Теперь можно подвести некоторые итоги и эскизно наметить этапы становления и разрушения богослужебной певческой системы. Эти этапы образуют некую историческую структуру, которая может быть выражена схематически при помощи следующих параллельно сосуществующих рядов: заветы с отдельными лицами — ветхозаветное откровение — новозаветное откровение — обмирщение переживания откровения; тип сознания патриарха — тип сознания пророка — тип сознания монаха — тип сознания мирянина; хождение перед Богом — ревность — поклонение в духе и истине, аскетически осуществляемое, — поклонение в духе и истине, художественно переживаемое; безмолвие — статическая система текстов — динамическая система текстов — утрата переживания целостности текстовой системы; нет ни музыки, ни пения — музыкальная система, прообразующая богослужебно-певческую систему, — богослужебно-певческая система — музыкальная интерпретация богослужебных текстов. Из приведенной схемы видно, что богослужебное пение как реально существующая система являет себя только на третьем этапе исторической структуры, в то время как остальные этапы есть лишь подготовка к возникновению этой системы либо утрата ее.

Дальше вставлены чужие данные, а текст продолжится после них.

lemma LOTZ_ones_in_pareto_front: "(int n, 0) \<in> pareto_front n LOTZ"
proof -
  have ones: "LOTZ (replicate n True) = (int n, 0)"
    by (simp add: LOTZ_def)
  have "\<not> dominates LOTZ y (replicate n True)" if "y \<in> bitstrings n" for y
  proof
    assume dom: "dominates LOTZ y (replicate n True)"
    have "length y = n"
      using that by (simp add: bitstrings_def)
    moreover have "int n \<le> fst (LOTZ y)"
      using dom ones by (simp add: dominates_def)
    ultimately have "y = replicate n True"
      by (rule LOTZ_eq_ones)
    with dom show False
      by (simp add: dominates_def)
  qed
  moreover have "replicate n True \<in> bitstrings n"
    by (simp add: bitstrings_def)
  ultimately have "replicate n True \<in> {x \<in> bitstrings n. \<not> (\<exists>y \<in> bitstrings n. dominates LOTZ y x)}"
    by blast
  then show ?thesis
    unfolding pareto_front_def by (rule image_eqI[where f = LOTZ, OF ones[symmetric]])
qed

theorem theorem10:
  fixes n :: nat
  assumes "n \<ge> 2"
  shows "\<exists>r1 r2 :: real. r1 \<le> -1 \<and> r2 \<le> -1 \<and>
           stagnates_with_positive_prob n (OneMinMax n) (hvc r1 r2 (OneMinMax n)) \<and>
           stagnates_with_positive_prob n LOTZ (hvc r1 r2 LOTZ)"
proof (intro exI conjI)
  let ?r1 = "- (real n + 1)" and ?r2 = "-1 :: real"
  have ref: "real n - 1 < ?r2 - ?r1"
    by simp
  show "?r1 \<le> -1" "?r2 \<le> -1"
    by simp_all
  show "stagnates_with_positive_prob n (OneMinMax n) (hvc ?r1 ?r2 (OneMinMax n))"
    using OneMinMax_flip_zeros
    by (intro stagnates_from_zeros[OF assms OneMinMax_zeros _ OneMinMax_ones_in_pareto_front ref]) blast
  show "stagnates_with_positive_prob n LOTZ (hvc ?r1 ?r2 LOTZ)"
  proof (rule stagnates_from_zeros[OF assms LOTZ_zeros _ LOTZ_ones_in_pareto_front ref])
    fix i
    assume "i < n"
    then show "LOTZ ((replicate n False)[i := True]) = (1, int n - 1)
                 \<or> dominates LOTZ (replicate n False) ((replicate n False)[i := True])"
      using LOTZ_flip_zeros[of i n] by (auto simp: dominates_def LOTZ_zeros)
  qed
qed

end
fun subst :: "ty \<Rightarrow> nat \<Rightarrow> ty \<Rightarrow> ty" where
  "subst (TV i) k C = (if i < k then TV i else if i = k then C else TV (i - 1))"
| "subst (TC c) k C = TC c"
| "subst (Arr A B) k C = Arr (subst A k C) (subst B k C)"
| "subst (All A) k C = All (subst A (Suc k) (lift 0 C))"

section \<open>Typing: system F (elim = True) and F0 (elim = False, no \<forall>-elimination)\<close>

type_synonym ctx = "(nat \<times> ty) list"

inductive typing :: "bool \<Rightarrow> ctx \<Rightarrow> trm \<Rightarrow> ty \<Rightarrow> bool" where
  ax: "map_of \<Gamma> x = Some A \<Longrightarrow> typing b \<Gamma> (Var x) A"
| arr_i: "proper B \<Longrightarrow> typing b ((x, B) # \<Gamma>) t C \<Longrightarrow> typing b \<Gamma> (Lam x t) (Arr B C)"
| arr_e: "typing b \<Gamma> u (Arr B C) \<Longrightarrow> typing b \<Gamma> v B \<Longrightarrow> typing b \<Gamma> (App u v) C"
| all_i: "typing b (map (\<lambda>(y, T). (y, lift 0 T)) \<Gamma>) t A \<Longrightarrow> occurs 0 A
           \<Longrightarrow> typing b \<Gamma> t (All A)"
| all_e: "b \<Longrightarrow> typing b \<Gamma> t (All A) \<Longrightarrow> proper C \<Longrightarrow> typing b \<Gamma> t (subst A 0 C)"

abbreviation typF :: "ctx \<Rightarrow> trm \<Rightarrow> ty \<Rightarrow> bool" where "typF \<equiv> typing True"
abbreviation typF0 :: "ctx \<Rightarrow> trm \<Rightarrow> ty \<Rightarrow> bool" where "typF0 \<equiv> typing False"

definition input_type :: "ty \<Rightarrow> bool" where
  "input_type E \<longleftrightarrow> proper E \<and> closed_ty E \<and>
     (\<forall>t. normal t \<longrightarrow> typF [] t E \<longrightarrow> typF0 [] t E)"

definition output_type :: "ty \<Rightarrow> bool" where
  "output_type S \<longleftrightarrow> proper S \<and> closed_ty S \<and> \<not> has_O S \<and>
     (\<forall>t \<alpha>. normal t \<longrightarrow> typF [(\<alpha>, tO)] t S \<longrightarrow> \<alpha> \<notin> fv t)"

end

theory Submission
  imports Defs
begin

text \<open>Suppose \<open>\<alpha> : O \<turnstile> t : E\<close> with \<open>t\<close> normal and \<open>\<alpha>\<close> free in \<open>t\<close>. Since \<open>E\<close> does not
  contain \<open>O\<close>, replacing \<open>O\<close> by \<open>D = \<forall>X. X \<rightarrow> \<dots> \<rightarrow> X\<close> (\<open>k + 2\<close> occurrences of \<open>X\<close>) still
  types \<open>t\<close> with \<open>E\<close>; substituting the closed inhabitant \<open>\<lambda>x\<^sub>0 \<dots> x\<^sub>k. x\<^sub>k\<close> of \<open>D\<close> for \<open>\<alpha>\<close>
  yields a closed term of type \<open>E\<close>, which is still normal because a variable of the atomic
  type \<open>O\<close> is never applied. As \<open>E\<close> is an input type, this term is typable in \<open>\<F>\<^sub>0\<close>. But
  without \<open>\<forall>\<close>-elimination the types of a normal term are bounded by those of its context and
  result, so no run of consecutive abstractions can be longer than the size of \<open>E\<close>; taking
  \<open>k = size E\<close> gives a contradiction.\<close>

lemma map_of_map_snd:
  "map_of (map (\<lambda>(y, T). (y, g T)) \<Gamma>) x = map_option g (map_of \<Gamma> x)"
  by (induction \<Gamma>) auto

lemma lift_closed_at: "closed_at j A \<Longrightarrow> j \<le> k \<Longrightarrow> lift k A = A"
  by (induction A arbitrary: j k) fastforce+

lemma subst_closed_at: "closed_at j A \<Longrightarrow> j \<le> k \<Longrightarrow> subst A k C = A"
  by (induction A arbitrary: j k C) fastforce+

lemma not_occurs_closed_at: "closed_at j A \<Longrightarrow> j \<le> k \<Longrightarrow> \<not> occurs k A"
  by (induction A arbitrary: j k) fastforce+

lemma size_lift [simp]: "size (lift k A) = size A"
  by (induction A arbitrary: k) auto

fun replace_O :: "ty \<Rightarrow> ty \<Rightarrow> ty" where
  "replace_O D (TV i) = TV i"
| "replace_O D (TC c) = (if c = 0 then D else TC c)"
| "replace_O D (Arr A B) = Arr (replace_O D A) (replace_O D B)"
| "replace_O D (All A) = All (replace_O D A)"

lemma replace_O_lift: "closed_ty D \<Longrightarrow> replace_O D (lift k A) = lift k (replace_O D A)"
  by (induction A arbitrary: k) (auto simp: closed_ty_def lift_closed_at)

lemma replace_O_subst:
  "closed_ty D \<Longrightarrow> replace_O D (subst A k C) = subst (replace_O D A) k (replace_O D C)"
  by (induction A arbitrary: k C) (auto simp: closed_ty_def subst_closed_at replace_O_lift)

lemma occurs_replace_O: "closed_ty D \<Longrightarrow> occurs k (replace_O D A) = occurs k A"
  by (induction A arbitrary: k) (auto simp: closed_ty_def dest: not_occurs_closed_at)

lemma proper_replace_O: "closed_ty D \<Longrightarrow> proper D \<Longrightarrow> proper A \<Longrightarrow> proper (replace_O D A)"
  by (induction A) (auto simp: occurs_replace_O)

lemma replace_O_no_O: "\<not> has_O A \<Longrightarrow> replace_O D A = A"
  by (induction A) auto

lemma typing_replace_O:
  assumes "typing b \<Gamma> t A" "closed_ty D" "proper D"
  shows "typing b (map (\<lambda>(y, T). (y, replace_O D T)) \<Gamma>) t (replace_O D A)"
  using assms
proof (induction rule: typing.induct)
  case (ax \<Gamma> x A b)
  then show ?case by (intro typing.ax) (simp add: map_of_map_snd)
next
  case (arr_i B b x \<Gamma> t C)
  then show ?case by (auto intro!: typing.arr_i proper_replace_O)
next
  case (arr_e b \<Gamma> u B C v)
  then show ?case by (auto intro: typing.arr_e)
next
  case (all_i b \<Gamma> t A)
  have "map (\<lambda>(y, T). (y, lift 0 T)) (map (\<lambda>(y, T). (y, replace_O D T)) \<Gamma>)
      = map (\<lambda>(y, T). (y, replace_O D T)) (map (\<lambda>(y, T). (y, lift 0 T)) \<Gamma>)"
    using all_i.prems by (auto simp: replace_O_lift)
  with all_i have "typing b (map (\<lambda>(y, T). (y, lift 0 T)) (map (\<lambda>(y, T). (y, replace_O D T)) \<Gamma>))
      t (replace_O D A)"
    by metis
  with all_i show ?case by (auto intro!: typing.all_i simp: occurs_replace_O)
next
  case (all_e b \<Gamma> t A C)
  then show ?case
    by (auto simp: replace_O_subst intro!: typing.all_e[where A = "replace_O D A"] proper_replace_O)
qed

text \<open>No capture avoidance: this is only ever applied to closed replacement terms.\<close>

fun trm_subst :: "trm \<Rightarrow> nat \<Rightarrow> trm \<Rightarrow> trm" where
  "trm_subst (Var x) a u = (if x = a then u else Var x)"
| "trm_subst (Lam x t) a u = (if x = a then Lam x t else Lam x (trm_subst t a u))"
| "trm_subst (App t1 t2) a u = App (trm_subst t1 a u) (trm_subst t2 a u)"

fun never_applied :: "nat \<Rightarrow> trm \<Rightarrow> bool" where
  "never_applied a (Var x) = True"
| "never_applied a (Lam x t) = (x = a \<or> never_applied a t)"
| "never_applied a (App u v) = (u \<noteq> Var a \<and> never_applied a u \<and> never_applied a v)"

lemma typing_Var_tO:
  "typing b \<Gamma> (Var x) A \<Longrightarrow> map_of \<Gamma> x = Some tO \<Longrightarrow> A = tO"
proof (induction \<Gamma> "Var x" A rule: typing.induct)
  case (all_i b \<Gamma> A)
  then show ?case by (simp add: map_of_map_snd tO_def)
qed (auto simp: tO_def)

lemma never_applied_if_typed_tO:
  "typing b \<Gamma> t A \<Longrightarrow> map_of \<Gamma> a = Some tO \<Longrightarrow> never_applied a t"
proof (induction rule: typing.induct)
  case (arr_e b \<Gamma> u B C v)
  then show ?case using typing_Var_tO[of b \<Gamma> a "Arr B C"] by (auto simp: tO_def)
next
  case (arr_i B b x \<Gamma> t C)
  then show ?case by (cases "x = a") auto
next
  case (all_i b \<Gamma> t A)
  then show ?case by (simp add: map_of_map_snd tO_def)
qed auto

lemma normal_trm_subst:
  "normal t \<Longrightarrow> never_applied a t \<Longrightarrow> normal u \<Longrightarrow> normal (trm_subst t a u)"
proof (induction t)
  case (App t1 t2)
  have "\<forall>x s. trm_subst t1 a u \<noteq> Lam x s"
    using App.prems by (cases t1) auto
  with App show ?case by auto
qed auto

lemma fv_trm_subst_closed: "fv u = {} \<Longrightarrow> fv (trm_subst t a u) \<subseteq> fv t - {a}"
  by (induction t) auto

lemma typing_trm_subst:
  assumes "typing b \<Gamma> t A" "map_of \<Gamma> a = Some D" "closed_ty D"
    and "\<And>\<Gamma>'. typing b \<Gamma>' u D"
  shows "typing b \<Gamma> (trm_subst t a u) A"
  using assms
proof (induction rule: typing.induct)
  case (all_i b \<Gamma> t A)
  have "lift 0 D = D" using all_i.prems(2) lift_closed_at by (simp add: closed_ty_def)
  with all_i show ?case by (auto intro!: typing.all_i simp: map_of_map_snd)
qed (auto intro: typing.intros)

lemma typing_fv_cong:
  "typing b \<Gamma> t A \<Longrightarrow> (\<forall>x\<in>fv t. map_of \<Gamma>' x = map_of \<Gamma> x) \<Longrightarrow> typing b \<Gamma>' t A"
proof (induction arbitrary: \<Gamma>' rule: typing.induct)
  case (all_i b \<Gamma> t A)
  then show ?case by (auto intro!: typing.all_i simp: map_of_map_snd)
next
  case (arr_i B b x \<Gamma> t C)
  then show ?case by (auto intro!: typing.arr_i)
qed (auto intro: typing.ax typing.arr_e typing.all_e)

lemma fv_subset_dom_if_typing: "typing b \<Gamma> t A \<Longrightarrow> fv t \<subseteq> dom (map_of \<Gamma>)"
proof (induction rule: typing.induct)
  case (arr_i B b x \<Gamma> t C)
  then show ?case by (fastforce simp: subset_iff domIff split: if_splits)
next
  case (all_i b \<Gamma> t A)
  then show ?case by (auto simp: map_of_map_snd)
qed auto

fun lambda_prefix :: "trm \<Rightarrow> nat" where
  "lambda_prefix (Lam x t) = Suc (lambda_prefix t)"
| "lambda_prefix _ = 0"

fun max_lambda_prefix :: "trm \<Rightarrow> nat" where
  "max_lambda_prefix (Var x) = 0"
| "max_lambda_prefix (Lam x t) = max (Suc (lambda_prefix t)) (max_lambda_prefix t)"
| "max_lambda_prefix (App u v) = max (max_lambda_prefix u) (max_lambda_prefix v)"

lemma lambda_prefix_le_max_trm_subst:
  "a \<in> fv t \<Longrightarrow> lambda_prefix u \<le> max_lambda_prefix (trm_subst t a u)"
proof (induction t)
  case (Var x)
  then show ?case by (cases u) auto
qed auto

fun proj_last :: "nat \<Rightarrow> trm" where
  "proj_last 0 = Lam 0 (Var 0)"
| "proj_last (Suc k) = Lam 0 (proj_last k)"

fun proj_last_ty :: "nat \<Rightarrow> ty" where
  "proj_last_ty 0 = Arr (TV 0) (TV 0)"
| "proj_last_ty (Suc k) = Arr (TV 0) (proj_last_ty k)"

lemma typing_proj_last: "typing b \<Gamma> (proj_last k) (proj_last_ty k)"
  by (induction k arbitrary: \<Gamma>) (auto intro!: typing.arr_i typing.ax)

lemma occurs_proj_last_ty: "occurs 0 (proj_last_ty k)"
  by (induction k) auto

lemma proper_proj_last_ty: "proper (proj_last_ty k)"
  by (induction k) auto

lemma closed_at_proj_last_ty: "closed_at 1 (proj_last_ty k)"
  by (induction k) auto

lemma normal_proj_last: "normal (proj_last k)"
  by (induction k) auto

lemma fv_proj_last: "fv (proj_last k) = {}"
  by (induction k) auto

lemma lambda_prefix_proj_last: "lambda_prefix (proj_last k) = Suc k"
  by (induction k) auto

lemma typing_proj_last_All: "typing b \<Gamma> (proj_last k) (All (proj_last_ty k))"
  by (auto intro!: typing.all_i typing_proj_last occurs_proj_last_ty)

lemma lambda_prefix_le_size_F0: "typF0 \<Gamma> t A \<Longrightarrow> lambda_prefix t \<le> size A"
  by (induction "False" \<Gamma> t A rule: typing.induct) auto

text \<open>Without \<open>\<forall>\<close>-elimination, an arrow type of a neutral term is a subterm of a context type.\<close>

lemma size_arrow_neutral_F0:
  assumes "typF0 \<Gamma> t A" "normal t" "\<forall>x s. t \<noteq> Lam x s"
    and "\<forall>(y, T)\<in>set \<Gamma>. size T \<le> N" "A = Arr B C"
  shows "size A \<le> N"
  using assms
proof (induction "False" \<Gamma> t A arbitrary: B C rule: typing.induct)
  case (ax \<Gamma> x A)
  then show ?case by (fastforce dest: map_of_SomeD)
next
  case (arr_e \<Gamma> u B' C' v)
  then have "size (Arr B' C') \<le> N" by (cases u) auto
  with arr_e.prems(4) show ?case by simp
qed auto

lemma max_lambda_prefix_le_F0:
  assumes "typF0 \<Gamma> t A" "normal t"
    and "\<forall>(y, T)\<in>set \<Gamma>. size T \<le> N" "size A \<le> N"
  shows "max_lambda_prefix t \<le> N"
  using assms
proof (induction "False" \<Gamma> t A rule: typing.induct)
  case (arr_i B x \<Gamma> t C)
  then have "lambda_prefix t \<le> size C" by (auto intro: lambda_prefix_le_size_F0)
  with arr_i show ?case by auto
next
  case (arr_e \<Gamma> u B C v)
  have "size (Arr B C) \<le> N"
    using arr_e by (intro size_arrow_neutral_F0[of \<Gamma> u _ N B C]) auto
  with arr_e show ?case by auto
next
  case (all_i \<Gamma> t A)
  then show ?case by (fastforce intro: all_i.hyps(2))
qed auto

То, что богослужебное пение, являя себя, как бы выходит из музыки, а утрачивая себя, уходит в музыку, порождает соблазн считать богослужебное пение областью музыки или очередным этапом истории музыки, как и поступает большинство современных исследователей. Однако это вырастание богослужебного пения из музыки есть всего лишь видимость, исчезающая при переходе от поверхностного рассмотрения к рассмотрению более углубленному. Такое рассмотрение вскрывает, в частности, тот факт, что богослужебное пение как динамическая система молитвенных текстов происходит не от какой-либо звуковысотной музыкальной системы, но от статической системы текстов, необходимым условием возникновения которой, в свою очередь, является взыскующее безмолвие. То, что в видимом историческом времени какие-то явления сменяют друг друга и образуют последовательность, отнюдь не свидетельствует об их генетической связи. Непосредственно следующие друг за другом явления могут иметь самостоятельные, несоприкасающиеся, параллельно сосуществующие генетические линии. До сих пор мы рассматривали эти линии отдельно, ибо говорили об исторической структуре музыки и об исторической структуре богослужебного пения, существующих самостоятельно и независимо друг от друга. Теперь же нам предстоит рассмотреть их во взаимодействии и именно так, как существуют они в живой исторической реальности. Однако это можно осуществить только тогда, когда мы полностью отдаем себе отчет в изначальной автономности генетико-исторической структуры музыки и генетико-исторической структуры богослужебного пения.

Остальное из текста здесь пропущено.